From the entries, copy each line that includes "have".

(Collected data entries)
┌────────
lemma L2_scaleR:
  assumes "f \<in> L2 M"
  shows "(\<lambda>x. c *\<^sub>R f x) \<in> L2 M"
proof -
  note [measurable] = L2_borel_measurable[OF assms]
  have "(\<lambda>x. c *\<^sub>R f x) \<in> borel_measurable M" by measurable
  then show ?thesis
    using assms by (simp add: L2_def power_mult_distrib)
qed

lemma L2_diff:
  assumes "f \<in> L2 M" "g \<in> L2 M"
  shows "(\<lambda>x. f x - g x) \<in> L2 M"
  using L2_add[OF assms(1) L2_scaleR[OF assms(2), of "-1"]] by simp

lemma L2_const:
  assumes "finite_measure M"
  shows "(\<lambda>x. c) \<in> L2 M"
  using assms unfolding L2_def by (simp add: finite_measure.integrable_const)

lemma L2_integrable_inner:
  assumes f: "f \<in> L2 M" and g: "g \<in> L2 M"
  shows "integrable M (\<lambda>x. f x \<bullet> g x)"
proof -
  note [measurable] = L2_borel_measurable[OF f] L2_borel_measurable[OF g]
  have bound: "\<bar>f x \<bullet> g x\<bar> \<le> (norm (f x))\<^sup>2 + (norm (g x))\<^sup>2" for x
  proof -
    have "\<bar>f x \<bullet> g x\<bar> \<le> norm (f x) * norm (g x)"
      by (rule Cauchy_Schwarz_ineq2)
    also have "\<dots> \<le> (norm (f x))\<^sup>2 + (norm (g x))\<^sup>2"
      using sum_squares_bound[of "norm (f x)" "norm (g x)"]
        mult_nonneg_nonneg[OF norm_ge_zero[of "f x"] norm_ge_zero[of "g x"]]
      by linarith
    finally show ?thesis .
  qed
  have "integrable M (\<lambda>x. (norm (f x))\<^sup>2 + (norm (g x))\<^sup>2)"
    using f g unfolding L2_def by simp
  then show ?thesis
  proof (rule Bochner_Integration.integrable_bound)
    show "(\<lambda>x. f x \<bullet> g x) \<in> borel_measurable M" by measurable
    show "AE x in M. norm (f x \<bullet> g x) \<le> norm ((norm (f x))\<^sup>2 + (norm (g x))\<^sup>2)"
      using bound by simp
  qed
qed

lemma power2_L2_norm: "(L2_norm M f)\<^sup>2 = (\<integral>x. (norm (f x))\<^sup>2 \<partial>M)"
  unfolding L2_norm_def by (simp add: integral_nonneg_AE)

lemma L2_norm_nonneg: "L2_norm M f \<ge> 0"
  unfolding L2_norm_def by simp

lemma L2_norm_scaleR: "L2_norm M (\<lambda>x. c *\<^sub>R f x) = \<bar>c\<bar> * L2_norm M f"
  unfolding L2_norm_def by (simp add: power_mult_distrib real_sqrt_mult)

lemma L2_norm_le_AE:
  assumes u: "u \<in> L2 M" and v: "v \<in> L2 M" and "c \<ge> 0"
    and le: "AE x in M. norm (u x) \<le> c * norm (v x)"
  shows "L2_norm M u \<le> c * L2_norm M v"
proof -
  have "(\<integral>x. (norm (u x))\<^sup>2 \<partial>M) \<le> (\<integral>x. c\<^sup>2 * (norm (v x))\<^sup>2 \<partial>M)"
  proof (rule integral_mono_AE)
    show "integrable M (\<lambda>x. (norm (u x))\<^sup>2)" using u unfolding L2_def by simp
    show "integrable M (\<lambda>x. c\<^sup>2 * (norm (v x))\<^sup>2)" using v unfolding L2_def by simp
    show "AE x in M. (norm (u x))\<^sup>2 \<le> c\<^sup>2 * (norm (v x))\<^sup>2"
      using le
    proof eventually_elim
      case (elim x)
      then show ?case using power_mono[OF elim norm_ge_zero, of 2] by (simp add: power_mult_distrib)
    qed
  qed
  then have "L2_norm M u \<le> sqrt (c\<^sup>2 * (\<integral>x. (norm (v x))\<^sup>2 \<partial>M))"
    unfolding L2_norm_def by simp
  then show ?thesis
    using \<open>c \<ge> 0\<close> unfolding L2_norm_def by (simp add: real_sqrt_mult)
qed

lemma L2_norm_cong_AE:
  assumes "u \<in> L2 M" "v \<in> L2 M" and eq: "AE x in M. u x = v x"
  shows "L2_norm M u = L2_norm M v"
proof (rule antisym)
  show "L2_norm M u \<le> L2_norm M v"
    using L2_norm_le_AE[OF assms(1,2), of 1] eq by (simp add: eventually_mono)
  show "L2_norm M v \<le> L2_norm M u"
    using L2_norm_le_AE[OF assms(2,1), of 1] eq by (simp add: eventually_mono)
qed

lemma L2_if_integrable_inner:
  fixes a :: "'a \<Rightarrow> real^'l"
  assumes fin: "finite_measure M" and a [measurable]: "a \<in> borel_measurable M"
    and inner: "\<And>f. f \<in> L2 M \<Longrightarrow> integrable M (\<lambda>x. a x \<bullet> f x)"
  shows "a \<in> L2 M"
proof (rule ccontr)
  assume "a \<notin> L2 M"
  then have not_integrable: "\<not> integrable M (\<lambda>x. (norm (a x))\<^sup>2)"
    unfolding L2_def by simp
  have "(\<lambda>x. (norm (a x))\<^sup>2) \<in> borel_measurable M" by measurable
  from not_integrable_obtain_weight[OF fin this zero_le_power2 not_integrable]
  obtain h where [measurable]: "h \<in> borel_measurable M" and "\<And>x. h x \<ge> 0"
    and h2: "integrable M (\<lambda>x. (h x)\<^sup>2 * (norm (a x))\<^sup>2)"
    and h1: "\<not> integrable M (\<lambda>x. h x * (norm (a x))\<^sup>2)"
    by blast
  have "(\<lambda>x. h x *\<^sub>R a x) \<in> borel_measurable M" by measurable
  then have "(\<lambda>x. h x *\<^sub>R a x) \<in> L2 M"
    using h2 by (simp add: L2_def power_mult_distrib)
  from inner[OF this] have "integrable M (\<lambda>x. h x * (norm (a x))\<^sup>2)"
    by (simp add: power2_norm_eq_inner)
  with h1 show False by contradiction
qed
└────────
▶ TASK SOLUTION
  have "(\<lambda>x. c *\<^sub>R f x) \<in> borel_measurable M" by measurable
  have bound: "\<bar>f x \<bullet> g x\<bar> \<le> (norm (f x))\<^sup>2 + (norm (g x))\<^sup>2" for x
    have "\<bar>f x \<bullet> g x\<bar> \<le> norm (f x) * norm (g x)"
    also have "\<dots> \<le> (norm (f x))\<^sup>2 + (norm (g x))\<^sup>2"
  have "integrable M (\<lambda>x. (norm (f x))\<^sup>2 + (norm (g x))\<^sup>2)"
  have "(\<integral>x. (norm (u x))\<^sup>2 \<partial>M) \<le> (\<integral>x. c\<^sup>2 * (norm (v x))\<^sup>2 \<partial>M)"
  then have "L2_norm M u \<le> sqrt (c\<^sup>2 * (\<integral>x. (norm (v x))\<^sup>2 \<partial>M))"
  then have not_integrable: "\<not> integrable M (\<lambda>x. (norm (a x))\<^sup>2)"
  have "(\<lambda>x. (norm (a x))\<^sup>2) \<in> borel_measurable M" by measurable
  have "(\<lambda>x. h x *\<^sub>R a x) \<in> borel_measurable M" by measurable
  then have "(\<lambda>x. h x *\<^sub>R a x) \<in> L2 M"
  from inner[OF this] have "integrable M (\<lambda>x. h x * (norm (a x))\<^sup>2)"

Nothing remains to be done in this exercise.